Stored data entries
++++++++++
text \<open>With \<open>K\<^sub>q(n, m) = [n, m] + q\<^sup>n [n-1, m-1]\<close> the third defect forces
  \<open>r \<le> 2 (l - m) + 1\<close>; the other form of \<open>K\<^sub>q\<close> takes over for \<open>r \<ge> 1\<close>.\<close>
lemma kaplansky_defect_nonneg:
  assumes "1 \<le> m" and "m \<le> l" and "l < n" and "r \<le> 2 * l - 2 * m + 1"
  shows "nonneg_coeffs (kaplansky_defect n m l r)"
proof -
  have "nonneg_coeffs (qbinom_defect n n m l r)"
    and "nonneg_coeffs (qbinom_defect (n - 1) n (int m - 1) l r)"
    and "nonneg_coeffs (qbinom_defect n (n - 1) m (int l - 1) r)"
    and "nonneg_coeffs (qbinom_defect (n - 1) (n - 1) (int m - 1) (int l - 1) r)"
    by (rule qbinom_defect_nonneg; use assms in \<open>auto simp: of_nat_diff\<close>)+
  moreover have "n \<noteq> 0"
    using assms(3) by simp
  ultimately show ?thesis
    unfolding kaplansky_defect_eq_qbinom_defects[OF \<open>n \<noteq> 0\<close> assms(1)]
    by (intro nonneg_coeffs_add nonneg_coeffs_mult nonneg_coeffs_qvar_power)
qed
lemma poly_on_in_span_standard_exps:
  "poly_on X q \<in> fun_space.span (monom_on X ` {b \<in> standard_exps X. int (deg_exp b) \<le> tdeg q})"
  unfolding poly_on_eq_sum
proof (intro fun_space.span_sum fun_space.span_scale)
  fix a
  assume "a \<in> Poly_Mapping.keys q"
  then have "int (deg_exp a) \<le> tdeg q"
    using tdeg_le_iff[of "tdeg q" q] by (simp add: tdeg_def)
  then have "{b \<in> standard_exps X. b = a \<or> grlex_less b a}
      \<subseteq> {b \<in> standard_exps X. int (deg_exp b) \<le> tdeg q}"
    using grlex_less_imp_deg_exp_le by fastforce
  then show "monom_on X a \<in> fun_space.span (monom_on X ` {b \<in> standard_exps X. int (deg_exp b) \<le> tdeg q})"
    using monom_on_in_span_standard_exps[of X a] fun_space.span_mono[OF image_mono] by blast
qed

lemma standard_exps_interpolant:
  assumes "finite X"
  obtains p where "Poly_Mapping.keys p \<subseteq> standard_exps X"
    "\<And>x. x \<in> X \<Longrightarrow> peval p x = peval q x" "tdeg p \<le> tdeg q"
proof -
  define B where "B = {b \<in> standard_exps X. int (deg_exp b) \<le> tdeg q}"
  have "finite B"
    using finite_card_standard_exps[OF assms] by (simp add: B_def)
  have inj: "inj_on (monom_on X) B"
    using independent_monom_on_standard_exps[OF \<open>finite B\<close>] by (auto simp: B_def)
  obtain u where "poly_on X q = (\<Sum>v\<in>monom_on X ` B. fscale (u v) v)"
    using poly_on_in_span_standard_exps[of X q] fun_space.span_finite[OF finite_imageI[OF \<open>finite B\<close>]]
    unfolding B_def by blast
  also have "\<dots> = (\<Sum>b\<in>B. fscale (u (monom_on X b)) (monom_on X b))"
    using sum.reindex[OF inj] by simp
  finally have q: "poly_on X q = (\<Sum>b\<in>B. fscale (u (monom_on X b)) (monom_on X b))" .
  obtain p where p: "Poly_Mapping.keys p \<subseteq> B"
      "\<forall>x. peval p x = (\<Sum>b\<in>B. u (monom_on X b) * monom_eval b x)"
    using exists_poly_with_coeffs[OF \<open>finite B\<close>, of "\<lambda>b. u (monom_on X b)"] by blast
  have "peval q x = peval p x" if "x \<in> X" for x
  proof -
    have "peval q x = poly_on X q x"
      using that by (simp add: poly_on_def)
    also have "\<dots> = (\<Sum>b\<in>B. u (monom_on X b) * monom_on X b x)"
      unfolding q sum_fun_apply by (simp add: fscale_def)
    also have "\<dots> = peval p x"
      using that by (simp add: p(2) monom_on_def)
    finally show ?thesis .
  qed
  moreover have "tdeg p \<le> tdeg q"
    using p(1) tdeg_le_iff[of "tdeg q" p] by (auto simp: B_def tdeg_def)
  moreover have "Poly_Mapping.keys p \<subseteq> standard_exps X"
    using p(1) by (auto simp: B_def)
  ultimately show thesis
    using that by auto
qed

lemma standard_exps_subset_small_lower_sets:
  assumes "finite X" "card X \<le> N"
  shows "standard_exps X \<subseteq> (\<Union>j\<in>{1..N}. \<Union>(lower_sets_card j))"
proof (cases "standard_exps X = {}")
  case False
  have S: "finite (standard_exps X)" "card (standard_exps X) \<le> N"
    using finite_card_standard_exps[OF assms(1)] assms(2) by auto
  then have "card (standard_exps X) \<in> {1..N}"
    using False by (simp add: Suc_le_eq card_gt_0_iff)
  moreover have "standard_exps X \<in> lower_sets_card (card (standard_exps X))"
    using S(1) lower_set_standard_exps by (simp add: lower_sets_card_def)
  ultimately show ?thesis
    by blast
qed simp

theorem proposition19:
  fixes A :: "('n::finite \<Rightarrow> nat) set" and N :: nat
  assumes "N \<ge> 1"
    and "(\<Union>j\<in>{1..N}. \<Union>(lower_sets_card j :: ('n \<Rightarrow> nat) set set)) \<subseteq> A"
  shows "mono_dr_univ_interp_set A N"
  unfolding mono_dr_univ_interp_set_def dr_univ_interp_space_def mono_span_def
proof (intro allI impI)
  fix X :: "('n \<Rightarrow> complex) set" and q :: "'n mpoly_c"
  assume X: "finite X \<and> card X \<le> N"
  then obtain p where p: "Poly_Mapping.keys p \<subseteq> standard_exps X"
      "\<forall>x\<in>X. peval p x = peval q x" "tdeg p \<le> tdeg q"
    using standard_exps_interpolant by metis
  moreover have "standard_exps X \<subseteq> A"
    using standard_exps_subset_small_lower_sets[of X N] X assms(2) by blast
  ultimately show "\<exists>p\<in>{p. Poly_Mapping.keys p \<subseteq> A}. (\<forall>x\<in>X. peval p x = peval q x) \<and> tdeg p \<le> tdeg q"
    by blast
qed

end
++++++++++
Task objective: Print each entry precisely. Include every line.

Answer to the exercise:
text \<open>With \<open>K\<^sub>q(n, m) = [n, m] + q\<^sup>n [n-1, m-1]\<close> the third defect forces
  \<open>r \<le> 2 (l - m) + 1\<close>; the other form of \<open>K\<^sub>q\<close> takes over for \<open>r \<ge> 1\<close>.\<close>
lemma kaplansky_defect_nonneg:
  assumes "1 \<le> m" and "m \<le> l" and "l < n" and "r \<le> 2 * l - 2 * m + 1"
  shows "nonneg_coeffs (kaplansky_defect n m l r)"
proof -
  have "nonneg_coeffs (qbinom_defect n n m l r)"
    and "nonneg_coeffs (qbinom_defect (n - 1) n (int m - 1) l r)"
    and "nonneg_coeffs (qbinom_defect n (n - 1) m (int l - 1) r)"
    and "nonneg_coeffs (qbinom_defect (n - 1) (n - 1) (int m - 1) (int l - 1) r)"
    by (rule qbinom_defect_nonneg; use assms in \<open>auto simp: of_nat_diff\<close>)+
  moreover have "n \<noteq> 0"
    using assms(3) by simp
  ultimately show ?thesis
    unfolding kaplansky_defect_eq_qbinom_defects[OF \<open>n \<noteq> 0\<close> assms(1)]
    by (intro nonneg_coeffs_add nonneg_coeffs_mult nonneg_coeffs_qvar_power)
qed
lemma poly_on_in_span_standard_exps:
  "poly_on X q \<in> fun_space.span (monom_on X ` {b \<in> standard_exps X. int (deg_exp b) \<le> tdeg q})"
  unfolding poly_on_eq_sum
proof (intro fun_space.span_sum fun_space.span_scale)
  fix a
  assume "a \<in> Poly_Mapping.keys q"
  then have "int (deg_exp a) \<le> tdeg q"
    using tdeg_le_iff[of "tdeg q" q] by (simp add: tdeg_def)
  then have "{b \<in> standard_exps X. b = a \<or> grlex_less b a}
      \<subseteq> {b \<in> standard_exps X. int (deg_exp b) \<le> tdeg q}"
    using grlex_less_imp_deg_exp_le by fastforce
  then show "monom_on X a \<in> fun_space.span (monom_on X ` {b \<in> standard_exps X. int (deg_exp b) \<le> tdeg q})"
    using monom_on_in_span_standard_exps[of X a] fun_space.span_mono[OF image_mono] by blast
qed

lemma standard_exps_interpolant:
  assumes "finite X"
  obtains p where "Poly_Mapping.keys p \<subseteq> standard_exps X"
    "\<And>x. x \<in> X \<Longrightarrow> peval p x = peval q x" "tdeg p \<le> tdeg q"
proof -
  define B where "B = {b \<in> standard_exps X. int (deg_exp b) \<le> tdeg q}"
  have "finite B"
    using finite_card_standard_exps[OF assms] by (simp add: B_def)
  have inj: "inj_on (monom_on X) B"
    using independent_monom_on_standard_exps[OF \<open>finite B\<close>] by (auto simp: B_def)
  obtain u where "poly_on X q = (\<Sum>v\<in>monom_on X ` B. fscale (u v) v)"
    using poly_on_in_span_standard_exps[of X q] fun_space.span_finite[OF finite_imageI[OF \<open>finite B\<close>]]
    unfolding B_def by blast
  also have "\<dots> = (\<Sum>b\<in>B. fscale (u (monom_on X b)) (monom_on X b))"
    using sum.reindex[OF inj] by simp
  finally have q: "poly_on X q = (\<Sum>b\<in>B. fscale (u (monom_on X b)) (monom_on X b))" .
  obtain p where p: "Poly_Mapping.keys p \<subseteq> B"
      "\<forall>x. peval p x = (\<Sum>b\<in>B. u (monom_on X b) * monom_eval b x)"
    using exists_poly_with_coeffs[OF \<open>finite B\<close>, of "\<lambda>b. u (monom_on X b)"] by blast
  have "peval q x = peval p x" if "x \<in> X" for x
  proof -
    have "peval q x = poly_on X q x"
      using that by (simp add: poly_on_def)
    also have "\<dots> = (\<Sum>b\<in>B. u (monom_on X b) * monom_on X b x)"
      unfolding q sum_fun_apply by (simp add: fscale_def)
    also have "\<dots> = peval p x"
      using that by (simp add: p(2) monom_on_def)
    finally show ?thesis .
  qed
  moreover have "tdeg p \<le> tdeg q"
    using p(1) tdeg_le_iff[of "tdeg q" p] by (auto simp: B_def tdeg_def)
  moreover have "Poly_Mapping.keys p \<subseteq> standard_exps X"
    using p(1) by (auto simp: B_def)
  ultimately show thesis
    using that by auto
qed

lemma standard_exps_subset_small_lower_sets:
  assumes "finite X" "card X \<le> N"
  shows "standard_exps X \<subseteq> (\<Union>j\<in>{1..N}. \<Union>(lower_sets_card j))"
proof (cases "standard_exps X = {}")
  case False
  have S: "finite (standard_exps X)" "card (standard_exps X) \<le> N"
    using finite_card_standard_exps[OF assms(1)] assms(2) by auto
  then have "card (standard_exps X) \<in> {1..N}"
    using False by (simp add: Suc_le_eq card_gt_0_iff)
  moreover have "standard_exps X \<in> lower_sets_card (card (standard_exps X))"
    using S(1) lower_set_standard_exps by (simp add: lower_sets_card_def)
  ultimately show ?thesis
    by blast
qed simp

theorem proposition19:
  fixes A :: "('n::finite \<Rightarrow> nat) set" and N :: nat
  assumes "N \<ge> 1"
    and "(\<Union>j\<in>{1..N}. \<Union>(lower_sets_card j :: ('n \<Rightarrow> nat) set set)) \<subseteq> A"
  shows "mono_dr_univ_interp_set A N"
  unfolding mono_dr_univ_interp_set_def dr_univ_interp_space_def mono_span_def
proof (intro allI impI)
  fix X :: "('n \<Rightarrow> complex) set" and q :: "'n mpoly_c"
  assume X: "finite X \<and> card X \<le> N"
  then obtain p where p: "Poly_Mapping.keys p \<subseteq> standard_exps X"
      "\<forall>x\<in>X. peval p x = peval q x" "tdeg p \<le> tdeg q"
    using standard_exps_interpolant by metis
  moreover have "standard_exps X \<subseteq> A"
    using standard_exps_subset_small_lower_sets[of X N] X assms(2) by blast
  ultimately show "\<exists>p\<in>{p. Poly_Mapping.keys p \<subseteq> A}. (\<forall>x\<in>X. peval p x = peval q x) \<and> tdeg p \<le> tdeg q"
    by blast
qed

end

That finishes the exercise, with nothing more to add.